Reuters, "Group says FDA knew of Avandia risk years ago"

          U.S. health authorities were aware of heart risks linked to GlaxoSmithKline Plc's widely prescribed diabetes drug Avandia and another competitor nearly five years ago, consumer advocacy group Public Citizen said on Tuesday. In 2002, U.S. Food and Drug Administration staff scientists called for reports of congestive heart failure to be included on the label of Avandia as well as Actos, made by Takeda Pharmaceutical Co. Ltd., the group said, citing an internal FDA document. The group released the memo one day after researchers reported Avandia, or rosiglitazone, raises the risk of cardiovascular-related death by 64 percent and the risk of heart attack by 43 percent.
          Glaxo strongly objected to the results and defended use of the drug, which treats type 2 diabetes. At the same time, the FDA said an agency analysis showed a higher risk but it was not yet completed, adding other studies contradicted the latest findings. It called on patients to talk to their doctors but stopped short of taking other action. Dr. Sidney Wolfe, head of Public Citizen's Health Research Group which has been critical of Avandia for years, said the 2002 memo showed the agency failed to take the concerns of its staff scientists seriously.

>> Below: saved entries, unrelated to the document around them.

lemma hales_jewett_finite_colours:
  assumes HJ: "\<And>r. hales_jewett A {..<r::nat}" and "finite C"
  shows "hales_jewett A C"
proof -
  obtain g where g: "bij_betw g C {..<card C}"
    using ex_bij_betw_finite_nat[OF \<open>finite C\<close>] by (auto simp: atLeast0LessThan)
  obtain N where N: "\<And>\<chi>. \<chi> ` cube A N \<subseteq> {..<card C} \<Longrightarrow> mono_line A N \<chi>"
    using HJ unfolding hales_jewett_def by blast
  have "mono_line A N \<chi>" if \<chi>: "\<chi> ` cube A N \<subseteq> C" for \<chi>
  proof -
    have "(g \<circ> \<chi>) ` cube A N \<subseteq> {..<card C}"
      using \<chi> bij_betw_imp_surj_on[OF g] by auto
    then obtain v c where v: "v \<in> var_cube A N" and c: "\<forall>a\<in>A. g (\<chi> (inst v a)) = c"
      using N unfolding mono_line_def by fastforce
    have "\<chi> (inst v a) = inv_into C g c" if "a \<in> A" for a
      using c that \<chi> inst_var_cube[OF v that] bij_betw_imp_inj_on[OF g]
      by (metis image_subset_iff inv_into_f_f)
    with v show ?thesis unfolding mono_line_def by blast
  qed
  then show ?thesis unfolding hales_jewett_def by blast
qed

definition focused_lines :: "'a set \<Rightarrow> 'a \<Rightarrow> nat \<Rightarrow> ('a list \<Rightarrow> 'c) \<Rightarrow> nat \<Rightarrow> bool" where
  "focused_lines B z N \<chi> q \<longleftrightarrow> (\<exists>v c f. f \<in> cube (insert z B) N \<and> inj_on c {..<q} \<and>
     (\<forall>i<q. v i \<in> var_cube (insert z B) N \<and> inst (v i) z = f \<and> (\<forall>a\<in>B. \<chi> (inst (v i) a) = c i)))"

definition focusing_number :: "'a set \<Rightarrow> 'a \<Rightarrow> 'c set \<Rightarrow> nat \<Rightarrow> nat \<Rightarrow> bool" where
  "focusing_number B z C N q \<longleftrightarrow> (\<forall>\<chi>. \<chi> ` cube (insert z B) N \<subseteq> C \<longrightarrow>
     mono_line (insert z B) N \<chi> \<or> focused_lines B z N \<chi> q)"
(* There is an absolute constant $c>0$ such that for every positive integer $s$ and all real $0<a<b$, there exist probability distributions $P$ and $Q$ supported on $[a,b]$ such that $\int x^\ell\,dP(x)=\int x^\ell\,dQ(x)$ for $\ell=0,1,\dots,s$, and $$\Big|\int_a^b \Big|x-\tfrac{a+b}{2}\Big|\,dP(x)-\int_a^b\Big|x-\tfrac{a+b}{2}\Big|\,dQ(x)\Big|\ \ge\ c\,\frac{b-a}{s}.$$ *)

theory Defs
  imports "HOL-Probability.Probability"
begin

end

(*
  Put x_j = sin (2 pi j / 8s) and w = exp (2 pi i / 8s), and let K_j = |sum_{m<2s} w^(m j)|^2 be a
  Fejer kernel on the 8s-th roots of unity. P and Q are the normalised positive and negative parts of
  the signed measure with mass (-1)^j K_j at the node x_j, rescaled from [-1,1] to [a,b].
  Written in terms of the characters j -> w^(m j), the weight (-1)^j K_j x_j^k with k <= s only
  contains frequencies strictly between 0 and 8s, which sum to zero over the grid; hence all moments
  up to order s agree.  For the absolute deviation, the closed form
  K_j = sin^2 (j pi / 4) / sin^2 (j pi / 8s) turns the alternating sum of K_j |x_j| into a sum of
  second differences of cot over blocks of four consecutive nodes.  By convexity of cot on (0, pi/2)
  each block has the same sign, and the first block alone has size of order s, which gives the
  bound (b - a) / (32 pi s).
*)

theory Submission
  imports Defs
begin

section \<open>Roots of unity\<close>

definition root_char :: "nat \<Rightarrow> int \<Rightarrow> nat \<Rightarrow> complex" where
  "root_char N m j = cis (2 * pi * real_of_int m * real j / real N)"

lemma root_char_zero [simp]: "root_char N 0 j = 1"
  by (simp add: root_char_def)

lemma root_char_mult: "root_char N m j * root_char N n j = root_char N (m + n) j"
  by (simp add: root_char_def cis_mult add_divide_distrib algebra_simps)

lemma root_char_power: "root_char N m j ^ i = root_char N (int i * m) j"
  unfolding root_char_def Complex.DeMoivre by (simp add: mult_ac)

lemma cnj_root_char: "cnj (root_char N m j) = root_char N (- m) j"
  by (simp add: root_char_def cis_cnj)

lemma root_char_1_eq_1_iff:
  assumes "0 < N"
  shows "root_char N m 1 = 1 \<longleftrightarrow> int N dvd m"
proof
  assume "root_char N m 1 = 1"
  then have "cis (2 * pi * real_of_int m / real N) = 1"
    by (simp add: root_char_def)
  then have "cos (2 * pi * real_of_int m / real N) = 1"
    by (metis cis.sel(1) one_complex.sel(1))
  then obtain n :: int where "2 * pi * real_of_int m / real N = real_of_int n * 2 * pi"
    by (auto simp: cos_one_2pi_int)
  then have "real_of_int m = real_of_int n * real N"
    using assms by (simp add: field_simps)
  then have "real_of_int m = real_of_int (n * int N)"
    by simp
  then have "m = n * int N"
    by (simp only: of_int_eq_iff)
  then show "int N dvd m" by simp
next
  assume "int N dvd m"
  then obtain n where "m = int N * n" ..
  then have "root_char N m 1 = cis (2 * pi * real_of_int n)"
    using assms unfolding root_char_def by (intro arg_cong [where f = cis]) simp
  also have "\<dots> = 1"
    by (rule cis_multiple_2pi) simp
  finally show "root_char N m 1 = 1" .
qed

lemma sum_root_char_eq_0:
  assumes "0 < N" and "\<not> int N dvd m"
  shows "(\<Sum>j<N. root_char N m j) = 0"
proof -
  let ?\<rho> = "root_char N m 1"
  have "?\<rho> \<noteq> 1" "?\<rho> ^ N = 1"
    using assms unfolding root_char_power root_char_1_eq_1_iff [OF assms(1)] by simp_all
  moreover have "(\<Sum>j<N. root_char N m j) = (\<Sum>j<N. ?\<rho> ^ j)"
    unfolding root_char_power by (intro sum.cong refl) (simp add: root_char_def mult_ac)
  ultimately show ?thesis
    using geometric_sum [of ?\<rho> N] by simp
qed

lemma root_char_reflect:
  assumes "0 < N" and "i \<le> N"
  shows "root_char N m (N - i) = cnj (root_char N m i)"
proof -
  define x where "x = 2 * pi * real_of_int m * real i / real N"
  have "root_char N m (N - i) = cis (2 * pi * real_of_int m + - x)"
    unfolding root_char_def x_def using assms by (simp add: field_simps)
  also have "\<dots> = cis (2 * pi * real_of_int m) * cis (- x)"
    by (rule cis_mult [symmetric])
  also have "\<dots> = cnj (root_char N m i)"
    by (simp add: root_char_def x_def cis_cnj)
  finally show ?thesis .
qed

lemma root_char_half:
  assumes "0 < n"
  shows "root_char (2 * n) (int n) j = (- 1) ^ j"
proof -
  have "root_char (2 * n) (int n) j = cis (real j * pi)"
    using assms by (simp add: root_char_def field_simps)
  also have "\<dots> = cis pi ^ j"
    by (rule Complex.DeMoivre [symmetric])
  finally show ?thesis by simp
qed

section \<open>A Fejer kernel on the grid of roots of unity\<close>

definition node :: "nat \<Rightarrow> nat \<Rightarrow> real" where
  "node N j = sin (2 * pi * real j / real N)"

definition fejer_kernel :: "nat \<Rightarrow> nat \<Rightarrow> nat \<Rightarrow> real" where
  "fejer_kernel N M j = (cmod (\<Sum>a<M. root_char N (int a) j))\<^sup>2"

lemma fejer_kernel_nonneg: "0 \<le> fejer_kernel N M j"
  by (simp add: fejer_kernel_def)

lemma of_real_node: "complex_of_real (node N j) = (root_char N 1 j - root_char N (- 1) j) / (2 * \<i>)"
proof -
  have "root_char N 1 j - root_char N (- 1) j = 2 * \<i> * complex_of_real (node N j)"
    by (simp add: node_def root_char_def complex_eq_iff)
  then show ?thesis by simp
qed

lemma of_real_fejer_kernel:
  "complex_of_real (fejer_kernel N M j) = (\<Sum>a<M. root_char N (int a) j) * (\<Sum>b<M. root_char N (- int b) j)"
  unfolding fejer_kernel_def complex_norm_square cnj_sum cnj_root_char by simp

lemma sum_fejer_kernel:
  assumes "M \<le> N"
  shows "(\<Sum>j<N. fejer_kernel N M j) = real N * real M"
proof -
  have "complex_of_real (\<Sum>j<N. fejer_kernel N M j) = (\<Sum>a<M. \<Sum>b<M. \<Sum>j<N. root_char N (int a - int b) j)"
    by (simp add: of_real_fejer_kernel sum_product root_char_mult sum.swap [of _ "{..<N}"])
  also have "\<dots> = (\<Sum>a<M. \<Sum>b<M. if a = b then of_nat N else 0)"
  proof (intro sum.cong refl)
    fix a b assume ab: "a \<in> {..<M}" "b \<in> {..<M}"
    show "(\<Sum>j<N. root_char N (int a - int b) j) = (if a = b then of_nat N else 0)"
    proof (cases "a = b")
      case False
      have "\<not> int N dvd int a - int b"
      proof
        assume "int N dvd int a - int b"
        then have "\<bar>int N\<bar> \<le> \<bar>int a - int b\<bar>" using False by (intro dvd_imp_le_int) auto
        then show False using ab assms by auto
      qed
      then show ?thesis using False ab assms by (simp add: sum_root_char_eq_0)
    qed simp
  qed
  also have "\<dots> = complex_of_real (real N * real M)"
    by simp
  finally show ?thesis by (simp only: of_real_eq_iff)
qed

lemma fejer_kernel_reflect:
  assumes "0 < N" and "i \<le> N"
  shows "fejer_kernel N M (N - i) = fejer_kernel N M i"
  by (simp add: fejer_kernel_def root_char_reflect [OF assms] flip: cnj_sum)

lemma node_reflect:
  assumes "0 < N" and "i \<le> N"
  shows "node N (N - i) = - node N i"
proof -
  have "2 * pi * real (N - i) / real N = 2 * pi - 2 * pi * real i / real N"
    using assms by (simp add: field_simps)
  then show ?thesis by (simp add: node_def sin_diff)
qed
(* Let $\Bbbk$ be a field, $R=\Bbbk[x_1,\dots,x_m]$ with the standard $\mathbb Z^m$-grading, $M$ a finitely generated torsion-free $\mathbb Z^m$-graded $R$-module, and $\mathcal F_\bullet$ a minimal $\mathbb Z^m$-graded free resolution of $M$. Let $C$ be any basis of $F_0$ consisting of homogeneous elements. Then $\mathcal F_\bullet$ has a basis with minimal support $B=\coprod B_n$ consisting of homogeneous elements and such that $B_0=C$.
   Context: For a complex of free modules $\mathcal F_\bullet$ with differentials $f_n$, $f_0\colon F_0\to H_0(\mathcal F_\bullet)$ the canonical projection, and bases $B_n$ of $F_n$, $B=\coprod B_n$: the support of $y=\sum_{c\in B_n}a_cc$ is $\{c\in B_n:a_c\ne0\}$; $y$ is a cycle with minimal support if $y\in\operatorname{Ker}f_n$ and $\operatorname{supp}y$ does not properly contain the support of any nonzero element of $\operatorname{Ker}f_n$; $B$ is a basis with minimal support if $f_n(b)$ is a cycle with minimal support for all $n\ge1$ and $b\in B_n$. A $\mathbb Z^m$-graded free resolution is minimal if its differentials are homogeneous of degree $0$ and $f_n(F_n)\subseteq(x_1,\dots,x_m)F_{n-1}$ for $n\ge1$. *)

theory Defs
  imports "HOL-Library.Poly_Mapping" "HOL-Library.Function_Algebras"
begin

          "As a result, millions of people - to the detriment of their health - are prescribed drugs whose risks are dangerously understated, instead of being prescribed safer, equally or more effective alternative drugs," he said in a statement. In a letter to FDA Commissioner Andrew von Eschenbach, Wolfe urged the agency to impose the strongest warning possible -- a black box -- on both Avandia and Actos, or ban them outright. "There continues to be no mention of the large and increasing number of post-marketing reports of heart failure, which was the explicit recommendation in the 2002 internal FDA memo," Wolfe wrote.